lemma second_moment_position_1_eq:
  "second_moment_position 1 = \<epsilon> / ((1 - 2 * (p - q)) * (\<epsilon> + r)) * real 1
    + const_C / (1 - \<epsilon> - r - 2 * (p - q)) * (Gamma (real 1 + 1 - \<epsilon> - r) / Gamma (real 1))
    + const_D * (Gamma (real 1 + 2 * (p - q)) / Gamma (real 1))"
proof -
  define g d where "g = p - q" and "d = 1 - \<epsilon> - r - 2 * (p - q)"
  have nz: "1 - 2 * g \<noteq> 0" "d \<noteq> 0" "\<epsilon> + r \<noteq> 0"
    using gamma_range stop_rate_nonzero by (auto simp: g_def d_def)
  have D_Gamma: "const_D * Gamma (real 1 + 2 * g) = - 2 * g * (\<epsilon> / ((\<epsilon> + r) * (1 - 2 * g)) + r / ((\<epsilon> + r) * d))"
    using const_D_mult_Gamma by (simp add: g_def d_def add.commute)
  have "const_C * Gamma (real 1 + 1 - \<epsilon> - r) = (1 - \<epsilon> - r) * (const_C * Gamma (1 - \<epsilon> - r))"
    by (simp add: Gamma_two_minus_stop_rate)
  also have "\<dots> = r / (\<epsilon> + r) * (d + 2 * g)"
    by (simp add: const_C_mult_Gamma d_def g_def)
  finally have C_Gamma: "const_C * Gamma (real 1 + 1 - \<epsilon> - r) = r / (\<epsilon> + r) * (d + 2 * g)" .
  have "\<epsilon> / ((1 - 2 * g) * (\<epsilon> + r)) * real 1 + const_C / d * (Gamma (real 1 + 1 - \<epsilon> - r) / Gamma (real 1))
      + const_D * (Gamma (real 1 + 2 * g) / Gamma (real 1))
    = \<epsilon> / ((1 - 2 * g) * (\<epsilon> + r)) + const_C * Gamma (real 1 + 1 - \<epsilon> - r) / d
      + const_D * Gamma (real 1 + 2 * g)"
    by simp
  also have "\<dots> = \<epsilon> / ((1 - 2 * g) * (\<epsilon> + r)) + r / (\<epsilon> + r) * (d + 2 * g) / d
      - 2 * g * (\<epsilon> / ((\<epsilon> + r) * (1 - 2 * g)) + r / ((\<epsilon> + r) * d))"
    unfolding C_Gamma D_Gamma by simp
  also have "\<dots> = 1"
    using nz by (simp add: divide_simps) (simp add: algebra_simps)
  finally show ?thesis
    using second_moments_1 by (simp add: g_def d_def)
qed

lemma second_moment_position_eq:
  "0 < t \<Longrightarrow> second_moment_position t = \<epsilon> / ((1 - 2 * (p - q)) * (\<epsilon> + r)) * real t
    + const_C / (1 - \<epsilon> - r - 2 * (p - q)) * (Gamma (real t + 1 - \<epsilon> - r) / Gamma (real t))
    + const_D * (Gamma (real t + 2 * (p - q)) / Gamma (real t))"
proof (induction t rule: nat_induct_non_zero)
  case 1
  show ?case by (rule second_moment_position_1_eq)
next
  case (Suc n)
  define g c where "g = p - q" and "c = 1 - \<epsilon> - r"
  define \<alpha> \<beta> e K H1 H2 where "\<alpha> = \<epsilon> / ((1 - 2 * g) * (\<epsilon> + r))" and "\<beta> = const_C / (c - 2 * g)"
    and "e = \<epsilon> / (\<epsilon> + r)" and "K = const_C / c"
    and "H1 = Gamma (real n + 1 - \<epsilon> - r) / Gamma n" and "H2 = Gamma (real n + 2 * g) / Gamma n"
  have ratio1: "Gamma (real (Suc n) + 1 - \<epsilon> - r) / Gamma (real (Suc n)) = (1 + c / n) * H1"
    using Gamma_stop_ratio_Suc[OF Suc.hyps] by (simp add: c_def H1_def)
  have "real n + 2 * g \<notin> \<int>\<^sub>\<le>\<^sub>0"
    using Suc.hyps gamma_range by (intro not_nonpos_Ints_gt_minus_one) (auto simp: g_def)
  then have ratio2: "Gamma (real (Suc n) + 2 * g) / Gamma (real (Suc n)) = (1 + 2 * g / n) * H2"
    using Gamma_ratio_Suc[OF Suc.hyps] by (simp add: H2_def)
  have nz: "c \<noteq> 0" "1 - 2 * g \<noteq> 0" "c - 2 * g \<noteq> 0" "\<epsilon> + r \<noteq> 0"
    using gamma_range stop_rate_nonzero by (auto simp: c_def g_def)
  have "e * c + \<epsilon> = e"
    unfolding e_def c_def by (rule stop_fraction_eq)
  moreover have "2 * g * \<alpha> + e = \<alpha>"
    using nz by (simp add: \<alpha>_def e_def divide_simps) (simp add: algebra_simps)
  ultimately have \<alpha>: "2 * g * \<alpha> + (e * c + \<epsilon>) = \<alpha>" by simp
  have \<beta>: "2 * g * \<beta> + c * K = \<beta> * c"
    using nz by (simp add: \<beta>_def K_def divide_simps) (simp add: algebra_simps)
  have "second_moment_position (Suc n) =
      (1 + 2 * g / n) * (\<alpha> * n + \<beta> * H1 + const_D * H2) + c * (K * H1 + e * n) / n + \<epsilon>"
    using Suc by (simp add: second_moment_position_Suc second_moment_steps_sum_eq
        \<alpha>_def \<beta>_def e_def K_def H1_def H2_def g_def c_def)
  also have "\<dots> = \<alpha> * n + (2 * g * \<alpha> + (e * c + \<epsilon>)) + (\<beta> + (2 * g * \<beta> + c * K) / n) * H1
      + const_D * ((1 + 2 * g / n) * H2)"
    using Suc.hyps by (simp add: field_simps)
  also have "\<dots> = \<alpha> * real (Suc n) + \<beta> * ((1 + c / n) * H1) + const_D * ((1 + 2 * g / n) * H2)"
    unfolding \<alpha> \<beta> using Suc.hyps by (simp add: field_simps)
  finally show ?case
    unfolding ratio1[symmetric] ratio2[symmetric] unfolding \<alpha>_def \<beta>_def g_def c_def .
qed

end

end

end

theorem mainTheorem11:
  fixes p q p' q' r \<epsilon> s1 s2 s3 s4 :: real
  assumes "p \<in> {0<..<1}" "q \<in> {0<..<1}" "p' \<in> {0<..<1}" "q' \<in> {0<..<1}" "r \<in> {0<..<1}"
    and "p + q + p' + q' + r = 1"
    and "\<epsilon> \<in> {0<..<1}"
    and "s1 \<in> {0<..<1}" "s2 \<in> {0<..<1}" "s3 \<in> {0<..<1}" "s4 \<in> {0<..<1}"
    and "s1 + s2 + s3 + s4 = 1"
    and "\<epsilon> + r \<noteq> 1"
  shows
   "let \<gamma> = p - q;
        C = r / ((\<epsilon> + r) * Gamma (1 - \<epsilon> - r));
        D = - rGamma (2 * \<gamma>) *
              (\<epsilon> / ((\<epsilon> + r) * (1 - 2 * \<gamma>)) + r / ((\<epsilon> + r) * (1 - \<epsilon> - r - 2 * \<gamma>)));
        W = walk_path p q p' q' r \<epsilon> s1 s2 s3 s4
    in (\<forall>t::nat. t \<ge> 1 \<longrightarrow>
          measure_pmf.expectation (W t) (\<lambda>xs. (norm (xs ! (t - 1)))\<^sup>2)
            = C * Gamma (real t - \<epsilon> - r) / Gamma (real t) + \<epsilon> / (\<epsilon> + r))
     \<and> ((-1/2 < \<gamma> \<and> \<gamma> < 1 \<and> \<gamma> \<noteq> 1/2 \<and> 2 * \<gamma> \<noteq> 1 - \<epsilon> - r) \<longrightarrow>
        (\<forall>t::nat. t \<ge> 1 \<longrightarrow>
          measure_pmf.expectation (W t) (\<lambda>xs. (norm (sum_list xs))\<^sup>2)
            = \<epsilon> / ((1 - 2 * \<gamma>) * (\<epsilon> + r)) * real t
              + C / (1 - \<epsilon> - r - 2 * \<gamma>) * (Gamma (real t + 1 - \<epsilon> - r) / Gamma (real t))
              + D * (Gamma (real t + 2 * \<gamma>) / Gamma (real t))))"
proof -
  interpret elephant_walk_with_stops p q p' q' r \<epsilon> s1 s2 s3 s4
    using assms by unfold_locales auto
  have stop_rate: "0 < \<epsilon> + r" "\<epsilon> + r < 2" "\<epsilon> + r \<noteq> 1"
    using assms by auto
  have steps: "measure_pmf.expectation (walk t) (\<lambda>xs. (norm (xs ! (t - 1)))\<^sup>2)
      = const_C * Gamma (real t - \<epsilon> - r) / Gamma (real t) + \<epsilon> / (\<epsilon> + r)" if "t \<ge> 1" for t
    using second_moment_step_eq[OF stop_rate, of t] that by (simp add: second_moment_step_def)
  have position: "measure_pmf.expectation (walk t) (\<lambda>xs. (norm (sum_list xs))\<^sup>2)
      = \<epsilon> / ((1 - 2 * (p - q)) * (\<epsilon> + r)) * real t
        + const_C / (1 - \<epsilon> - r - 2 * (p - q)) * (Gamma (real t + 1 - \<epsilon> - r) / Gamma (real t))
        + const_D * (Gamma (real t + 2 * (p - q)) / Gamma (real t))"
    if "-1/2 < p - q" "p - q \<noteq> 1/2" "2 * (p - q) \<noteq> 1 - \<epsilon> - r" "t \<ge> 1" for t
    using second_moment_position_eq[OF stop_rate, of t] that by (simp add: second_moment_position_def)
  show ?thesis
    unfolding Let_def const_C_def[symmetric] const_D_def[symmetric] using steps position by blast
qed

What you need to do
The reply must hold exactly the lines from the one containing "using second_moment_position_eq[OF stop_rate, of" to the last line of the entries, and nothing more.

Reply
    using second_moment_position_eq[OF stop_rate, of t] that by (simp add: second_moment_position_def)
  show ?thesis
    unfolding Let_def const_C_def[symmetric] const_D_def[symmetric] using steps position by blast
qed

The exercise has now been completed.